● **Task to carry out**
Only the lines from the one containing "S(e) = (-1)^n for" through the one containing "c ^ (m mod (CARD('a)" should be printed, exactly as they appear below, with both ends included.

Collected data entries

(* Let $q$ be a prime power, $n\ge 1$, and $1\le k\le n(q-1)$. Then $C_{n,k}^q$ is self-orthogonal (i.e. $C_{n,k}^q\subseteq (C_{n,k}^q)^\perp$) if and only if $1\le k\le \frac{n(q-1)}{2}$ and $2k\equiv 0\pmod{q-1}$. In particular, in that case $\operatorname{Hull}(C_{n,k}^q)=C_{n,k}^q$.
   Context: For a prime power $q$ and integers $n\ge 1$, $k\ge 0$, the projective Reed-Muller code $C_{n,k}^q\subseteq \mathbb{F}_q^N$, $N=\frac{q^{n+1}-1}{q-1}$, is defined as follows. For each point of $\mathbb{P}^n(\mathbb{F}_q)$ choose the affine representative $(p_0,\dots,p_n)\in\mathbb{F}_q^{n+1}\setminus\{0\}$ whose left-most nonzero coordinate equals $1$, and fix an ordering $P_1',\dots,P_N'$ of these representatives. Then $C_{n,k}^q=\{(F(P_1'),\dots,F(P_N')) : F\in \mathbb{F}_q[x_0,\dots,x_n]_k\}$, where $\mathbb{F}_q[x_0,\dots,x_n]_k$ is the space of homogeneous polynomials of degree $k$ together with $0$. Duals are taken with respect to the standard dot product on $\mathbb{F}_q^N$, and $\operatorname{Hull}(C)=C\cap C^\perp$. *)

theory Defs
  imports Main "HOL-Library.Cardinality"
begin

text \<open>Standard representatives of the points of P^n(F_q): vectors (p_0,...,p_n),
  encoded as functions nat => 'a vanishing beyond n, whose left-most nonzero
  coordinate equals 1.\<close>
definition proj_reps :: "nat \<Rightarrow> (nat \<Rightarrow> 'a::field) set" where
  "proj_reps n = {p. (\<forall>i>n. p i = 0) \<and> (\<exists>j\<le>n. p j = 1 \<and> (\<forall>i<j. p i = 0))}"

definition hom_exps :: "nat \<Rightarrow> nat \<Rightarrow> (nat \<Rightarrow> nat) set" where
  "hom_exps n k = {a. (\<forall>i>n. a i = 0) \<and> (\<Sum>i\<le>n. a i) = k}"

definition eval_hom :: "nat \<Rightarrow> nat \<Rightarrow> ((nat \<Rightarrow> nat) \<Rightarrow> 'a::field) \<Rightarrow> (nat \<Rightarrow> 'a) \<Rightarrow> 'a" where
  "eval_hom n k c p = (\<Sum>a\<in>hom_exps n k. c a * (\<Prod>i\<le>n. p i ^ a i))"

text \<open>Words of F_q^N are functions on the set of point representatives
  (extended by 0 outside it).\<close>
definition proj_RM :: "nat \<Rightarrow> nat \<Rightarrow> ((nat \<Rightarrow> 'a::field) \<Rightarrow> 'a) set" where
  "proj_RM n k = {v. \<exists>c. v = (\<lambda>p. if p \<in> proj_reps n then eval_hom n k c p else 0)}"

definition dual_code :: "nat \<Rightarrow> ((nat \<Rightarrow> 'a::field) \<Rightarrow> 'a) set \<Rightarrow> ((nat \<Rightarrow> 'a) \<Rightarrow> 'a) set" where
  "dual_code n C = {v. (\<forall>p. p \<notin> proj_reps n \<longrightarrow> v p = 0) \<and>
      (\<forall>w\<in>C. (\<Sum>p\<in>proj_reps n. v p * w p) = 0)}"

definition hull_code :: "nat \<Rightarrow> ((nat \<Rightarrow> 'a::field) \<Rightarrow> 'a) set \<Rightarrow> ((nat \<Rightarrow> 'a) \<Rightarrow> 'a) set" where
  "hull_code n C = C \<inter> dual_code n C"

end

theory Submission
  imports Defs "HOL-Library.FuncSet" "HOL-Computational_Algebra.Polynomial"
begin

text \<open>Expanding the dot product, the code is self-orthogonal iff the projective power sum
  S(e), the sum of x^e over the point representatives, vanishes for every exponent vector
  e = a + b with a, b of degree k. Over F_q the sum of x^m over all x is -1 if m is a
  positive multiple of q - 1 and 0 otherwise. If q - 1 divides the degree of e, the sum of
  x^e over the nonzero vectors of F_q^(n+1) equals (q - 1) S(e) = -S(e); over all vectors it
  factors into one-variable power sums and so vanishes once some exponent is below q - 1, which
  is forced when 2k \<le> n(q - 1). Conversely, grouping the representatives by the position of
  their leading 1 gives S(2k x_n) = 1 when q - 1 does not divide 2k, and
  S(e) = (-1)^n for e = (2k - n(q - 1), q - 1, ..., q - 1) when 2k > n(q - 1).\<close>

section \<open>Power sums over a finite field\<close>

lemma of_nat_CARD_eq_0: "of_nat CARD('a::{finite,field}) = (0::'a)"
proof -
  have "(\<Sum>x\<in>(UNIV::'a set). x + 1) = (\<Sum>x\<in>UNIV. x)"
    by (rule sum.reindex_bij_witness[of _ "\<lambda>x. x - 1" "\<lambda>x. x + 1"]) auto
  then show ?thesis by (simp add: sum.distrib)
qed

lemma CARD_field_ge_2: "CARD('a::{finite,field}) \<ge> 2"
proof -
  have "card {0::'a, 1} \<le> CARD('a)"
    by (rule card_mono) auto
  then show ?thesis by simp
qed

lemma power_CARD_minus_1:
  fixes c :: "'a::{finite,field}"
  assumes "c \<noteq> 0"
  shows "c ^ (CARD('a) - 1) = 1"
proof -
  let ?U = "UNIV - {0::'a}"
  have "(\<Prod>x\<in>?U. x) = (\<Prod>x\<in>?U. c * x)"
    by (rule sym, rule prod.reindex_bij_witness[of _ "\<lambda>x. x / c" "\<lambda>x. c * x"]) (use assms in auto)
  also have "\<dots> = c ^ (CARD('a) - 1) * (\<Prod>x\<in>?U. x)"
    by (simp add: prod.distrib card_Diff_subset)
  finally show ?thesis by simp
qed

lemma power_mod_CARD_minus_1:
  fixes c :: "'a::{finite,field}"
  assumes "c \<noteq> 0"
  shows "c ^ m = c ^ (m mod (CARD('a) - 1))"
proof -
  let ?r = "CARD('a) - 1"
  have "c ^ m = c ^ (?r * (m div ?r) + m mod ?r)"
    by simp
  also have "\<dots> = (c ^ ?r) ^ (m div ?r) * c ^ (m mod ?r)"
    by (simp only: power_add power_mult)
  also have "\<dots> = c ^ (m mod ?r)"
    by (simp only: power_CARD_minus_1[OF assms] power_one mult_1)
  finally show ?thesis .
qed

definition sum_powers :: "nat \<Rightarrow> 'a::{finite,field}" where
  "sum_powers m = (\<Sum>x\<in>UNIV. x ^ m)"

lemma sum_powers_eq_0_if_less:
  assumes "m < CARD('a::{finite,field}) - 1"
  shows "(sum_powers m :: 'a) = 0"
proof (cases "m = 0")
  case True
  then show ?thesis by (simp add: sum_powers_def of_nat_CARD_eq_0)
next
  case False
  let ?p = "monom (1::'a) m - 1"
  have "coeff ?p m = 1"
    using False by (cases m) auto
  then have "?p \<noteq> 0"
    by (metis coeff_0 zero_neq_one)
  moreover have "degree ?p \<le> m"
    by (rule degree_diff_le) (simp_all add: degree_monom_le)
  ultimately have roots: "card {x. poly ?p x = 0} \<le> m"
    using card_poly_roots_bound[of ?p] by linarith
  have "\<exists>c. c \<noteq> 0 \<and> c ^ m \<noteq> (1::'a)"
  proof (rule ccontr)
    assume "\<not> ?thesis"
    then have "UNIV - {0} \<subseteq> {x. poly ?p x = 0}"
      by (auto simp: poly_monom)
    from card_mono[OF _ this] roots assms show False
      by (simp add: card_Diff_subset)
  qed
  then obtain c :: 'a where c: "c \<noteq> 0" "c ^ m \<noteq> 1"
    by blast
  \<comment> \<open>the substitution x := c x multiplies the sum by c^m \<noteq> 1\<close>
  have "(\<Sum>x\<in>UNIV. (c * x) ^ m) = (\<Sum>x\<in>(UNIV::'a set). x ^ m)"
    by (rule sum.reindex_bij_witness[of _ "\<lambda>x. x / c" "\<lambda>x. c * x"]) (use c in auto)
  then have "c ^ m * sum_powers m = sum_powers m"
    by (simp add: sum_powers_def power_mult_distrib sum_distrib_left)
  then have "(c ^ m - 1) * sum_powers m = 0"
    by (simp add: algebra_simps)
  then show ?thesis using c by simp
qed

lemma sum_powers_eq_0_if_not_dvd:
  assumes "\<not> (CARD('a::{finite,field}) - 1) dvd m"
  shows "(sum_powers m :: 'a) = 0"
proof -
  have "m mod (CARD('a) - 1) \<noteq> 0"
    using assms by (simp add: dvd_eq_mod_eq_0)
  moreover have "m \<noteq> 0"
    using assms by (metis dvd_0_right)
  ultimately have "sum_powers m = (sum_powers (m mod (CARD('a) - 1)) :: 'a)"
    unfolding sum_powers_def
    by (intro sum.cong refl) (metis power_mod_CARD_minus_1 power_0_left)
  also have "\<dots> = 0"
    using CARD_field_ge_2[where 'a='a] by (intro sum_powers_eq_0_if_less) simp
  finally show ?thesis .
qed

lemma sum_powers_CARD_minus_1: "(sum_powers (CARD('a::{finite,field}) - 1) :: 'a) = -1"
proof -
  have q: "CARD('a) - 1 \<noteq> 0"
    using CARD_field_ge_2[where 'a='a] by simp
  have "(sum_powers (CARD('a) - 1) :: 'a) = (\<Sum>x\<in>(UNIV::'a set). if x = 0 then 0 else 1)"
    unfolding sum_powers_def
  proof (rule sum.cong)
    show "x ^ (CARD('a) - 1) = (if x = 0 then 0 else 1)" for x :: 'a
      using q power_CARD_minus_1[of x] by (cases "x = 0") auto
  qed simp
  also have "\<dots> = of_nat (CARD('a) - 1)"
    by (simp add: sum.If_cases Compl_eq_Diff_UNIV card_Diff_subset del: card_Diff_insert)
  also have "\<dots> = of_nat CARD('a) - 1"
    using CARD_field_ge_2[where 'a='a] by simp
  finally show ?thesis by (simp add: of_nat_CARD_eq_0)
qed

definition agree_outside :: "'i set \<Rightarrow> ('i \<Rightarrow> 'a) \<Rightarrow> ('i \<Rightarrow> 'a) set" where
  "agree_outside I d = {p. \<forall>i. i \<notin> I \<longrightarrow> p i = d i}"

lemma bij_betw_restrict_agree_outside:
  "bij_betw (\<lambda>p. restrict p I) (agree_outside I d) (I \<rightarrow>\<^sub>E UNIV)"
proof (rule bij_betw_byWitness[where f' = "\<lambda>g i. if i \<in> I then g i else d i"])
  show "\<forall>p\<in>agree_outside I d. (\<lambda>i. if i \<in> I then restrict p I i else d i) = p"
    by (auto simp: agree_outside_def fun_eq_iff)
  show "\<forall>g\<in>I \<rightarrow>\<^sub>E UNIV. restrict (\<lambda>i. if i \<in> I then g i else d i) I = g"
    by (auto simp: fun_eq_iff PiE_def extensional_def)
  show "(\<lambda>p. restrict p I) ` agree_outside I d \<subseteq> I \<rightarrow>\<^sub>E UNIV"
    by auto
  show "(\<lambda>g i. if i \<in> I then g i else d i) ` (I \<rightarrow>\<^sub>E UNIV) \<subseteq> agree_outside I d"
    by (auto simp: agree_outside_def)
qed

lemma finite_agree_outside:
  assumes "finite I"
  shows "finite (agree_outside I (d :: 'i \<Rightarrow> 'a::finite))"
  using assms by (simp add: bij_betw_finite[OF bij_betw_restrict_agree_outside] finite_PiE)

lemma sum_prod_agree_outside:
  fixes f :: "'i \<Rightarrow> 'a::finite \<Rightarrow> 'b::comm_semiring_1"
  assumes "finite I"
  shows "(\<Sum>p\<in>agree_outside I d. \<Prod>i\<in>I. f i (p i)) = (\<Prod>i\<in>I. \<Sum>x\<in>UNIV. f i x)"
proof -
  have "(\<Sum>p\<in>agree_outside I d. \<Prod>i\<in>I. f i (p i))
      = (\<Sum>p\<in>agree_outside I d. \<Prod>i\<in>I. f i (restrict p I i))"
    by simp
  also have "\<dots> = (\<Sum>g\<in>I \<rightarrow>\<^sub>E UNIV. \<Prod>i\<in>I. f i (g i))"
    by (rule sum.reindex_bij_betw[OF bij_betw_restrict_agree_outside])
  also have "\<dots> = (\<Prod>i\<in>I. \<Sum>x\<in>UNIV. f i x)"
    by (rule prod_sum_PiE[symmetric]) (use assms in auto)
  finally show ?thesis .
qed

section \<open>Projective power sums\<close>

definition monomial_at :: "nat \<Rightarrow> (nat \<Rightarrow> nat) \<Rightarrow> (nat \<Rightarrow> 'a) \<Rightarrow> 'a::comm_semiring_1" where
  "monomial_at n e p = (\<Prod>i\<le>n. p i ^ e i)"

definition proj_power_sum :: "nat \<Rightarrow> (nat \<Rightarrow> nat) \<Rightarrow> 'a::{finite,field}" where
  "proj_power_sum n e = (\<Sum>p\<in>proj_reps n. monomial_at n e p)"

lemma monomial_at_scale:
  "monomial_at n e (\<lambda>i. c * p i) = c ^ (\<Sum>i\<le>n. e i) * monomial_at n e p"
  by (simp add: monomial_at_def power_mult_distrib prod.distrib power_sum)

lemma monomial_at_add:
  "monomial_at n a p * monomial_at n b p = monomial_at n (\<lambda>i. a i + b i) p"
  by (simp add: monomial_at_def power_add prod.distrib)

definition proj_reps_lead :: "nat \<Rightarrow> nat \<Rightarrow> (nat \<Rightarrow> 'a::field) set" where
  "proj_reps_lead n j = {p. (\<forall>i>n. p i = 0) \<and> p j = 1 \<and> (\<forall>i<j. p i = 0)}"

lemma proj_reps_eq_UN_lead: "proj_reps n = (\<Union>j\<le>n. proj_reps_lead n j)"
  by (auto simp: proj_reps_def proj_reps_lead_def)

lemma proj_reps_lead_disjoint:
  assumes "j \<noteq> j'"
  shows "proj_reps_lead n j \<inter> proj_reps_lead n j' = {}"
  using assms by (auto simp: proj_reps_lead_def) (metis linorder_neqE_nat zero_neq_one)

lemma proj_reps_lead_eq_agree_outside:
  assumes "j \<le> n"
  shows "proj_reps_lead n j = agree_outside {j<..n} (\<lambda>i. if i = j then 1 else 0)"
  using assms unfolding proj_reps_lead_def agree_outside_def
  by (auto; metis greaterThanAtMost_iff linorder_neqE_nat order.strict_trans2)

● **Result**
  S(e) = (-1)^n for e = (2k - n(q - 1), q - 1, ..., q - 1) when 2k > n(q - 1).\<close>

section \<open>Power sums over a finite field\<close>

lemma of_nat_CARD_eq_0: "of_nat CARD('a::{finite,field}) = (0::'a)"
proof -
  have "(\<Sum>x\<in>(UNIV::'a set). x + 1) = (\<Sum>x\<in>UNIV. x)"
    by (rule sum.reindex_bij_witness[of _ "\<lambda>x. x - 1" "\<lambda>x. x + 1"]) auto
  then show ?thesis by (simp add: sum.distrib)
qed

lemma CARD_field_ge_2: "CARD('a::{finite,field}) \<ge> 2"
proof -
  have "card {0::'a, 1} \<le> CARD('a)"
    by (rule card_mono) auto
  then show ?thesis by simp
qed

lemma power_CARD_minus_1:
  fixes c :: "'a::{finite,field}"
  assumes "c \<noteq> 0"
  shows "c ^ (CARD('a) - 1) = 1"
proof -
  let ?U = "UNIV - {0::'a}"
  have "(\<Prod>x\<in>?U. x) = (\<Prod>x\<in>?U. c * x)"
    by (rule sym, rule prod.reindex_bij_witness[of _ "\<lambda>x. x / c" "\<lambda>x. c * x"]) (use assms in auto)
  also have "\<dots> = c ^ (CARD('a) - 1) * (\<Prod>x\<in>?U. x)"
    by (simp add: prod.distrib card_Diff_subset)
  finally show ?thesis by simp
qed

lemma power_mod_CARD_minus_1:
  fixes c :: "'a::{finite,field}"
  assumes "c \<noteq> 0"
  shows "c ^ m = c ^ (m mod (CARD('a) - 1))"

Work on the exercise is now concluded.